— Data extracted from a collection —
lemma crossing_orbit_below:
  assumes "crossing G \<phi> f g u v w"
  shows "\<phi> (g [^] (k :: nat)) w < v"
proof -
  obtain M :: nat where g: "g \<in> carrier G" and "w < \<phi> (g [^] M) u"
    and below: "\<forall>n :: nat. \<phi> (g [^] n) u < v"
    using assms unfolding crossing_def by blast
  then have "\<phi> (g [^] k) w < \<phi> (g [^] k) (\<phi> (g [^] M) u)"
    by simp
  also have "\<dots> = \<phi> (g [^] (k + M)) u"
    using g by (simp add: action_pow_add)
  also have "\<dots> < v"
    using below by blast
  finally show ?thesis .
qed

lemma not_conradian_if_crossing:
  assumes cross: "crossing G \<phi> f g u v w"
    and wo: "Well_order r" "Field r = UNIV" and w_least: "underS r w = {}"
  shows "\<not> conradian G (induced_less G \<phi> r)"
proof
  assume conradian: "conradian G (induced_less G \<phi> r)"
  obtain M N :: nat where f: "f \<in> carrier G" and g: "g \<in> carrier G" and uw: "u < w"
    and f_above: "\<forall>n :: nat. u < \<phi> (f [^] n) v"
    and fN: "\<phi> (f [^] N) v < w" and gM: "w < \<phi> (g [^] M) u"
    using cross unfolding crossing_def by blast
  have pos_iff: "induced_pos G \<phi> r h \<longleftrightarrow> w < \<phi> h w" if "h \<in> carrier G" "\<phi> h w \<noteq> w" for h
    using induced_pos_iff[OF wo that] w_least by simp
  define a b where "a = g [^] M \<otimes> f [^] N" and "b = g [^] M"
  have a: "a \<in> carrier G" and b: "b \<in> carrier G"
    unfolding a_def b_def using f g by simp_all
  have "u < \<phi> (f [^] N) w"
  proof -
    have "u < \<phi> (f [^] (N + N)) v"
      using f_above by blast
    also have "\<dots> < \<phi> (f [^] N) w"
      using f fN by (simp add: action_pow_add)
    finally show ?thesis .
  qed
  then have "w < \<phi> a w"
    using gM g f unfolding a_def by (simp add: order.strict_trans)
  then have "induced_less G \<phi> r \<one> a"
    using a pos_iff[OF a] by (simp add: induced_less_def)
  moreover have "w < \<phi> b w"
    using gM g uw unfolding b_def by (simp add: order.strict_trans)
  then have "induced_less G \<phi> r \<one> b"
    using b pos_iff[OF b] by (simp add: induced_less_def)
  ultimately obtain n :: nat where "induced_less G \<phi> r b (a \<otimes> b [^] n)"
    using conradian a b unfolding conradian_def by blast
  then have "induced_pos G \<phi> r (inv b \<otimes> (a \<otimes> b [^] n))"
    by (simp add: induced_less_def)
  moreover have "\<phi> (inv b \<otimes> (a \<otimes> b [^] n)) w < w"
  proof -
    have "\<phi> (inv b \<otimes> (a \<otimes> b [^] n)) w = \<phi> (f [^] N) (\<phi> (g [^] (M * n)) w)"
      unfolding a_def b_def using f g by (simp add: nat_pow_pow)
    also have "\<dots> < \<phi> (f [^] N) v"
      using f crossing_orbit_below[OF cross] by simp
    finally show ?thesis
      using fN by simp
  qed
  moreover have "inv b \<otimes> (a \<otimes> b [^] n) \<in> carrier G"
    using a b by simp
  ultimately show False
    using pos_iff less_asym by metis
qed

— Task statement —
Checking the data above line by line, please work out how many lines include "lemma", and reply with the number only.

— Expected answer —
2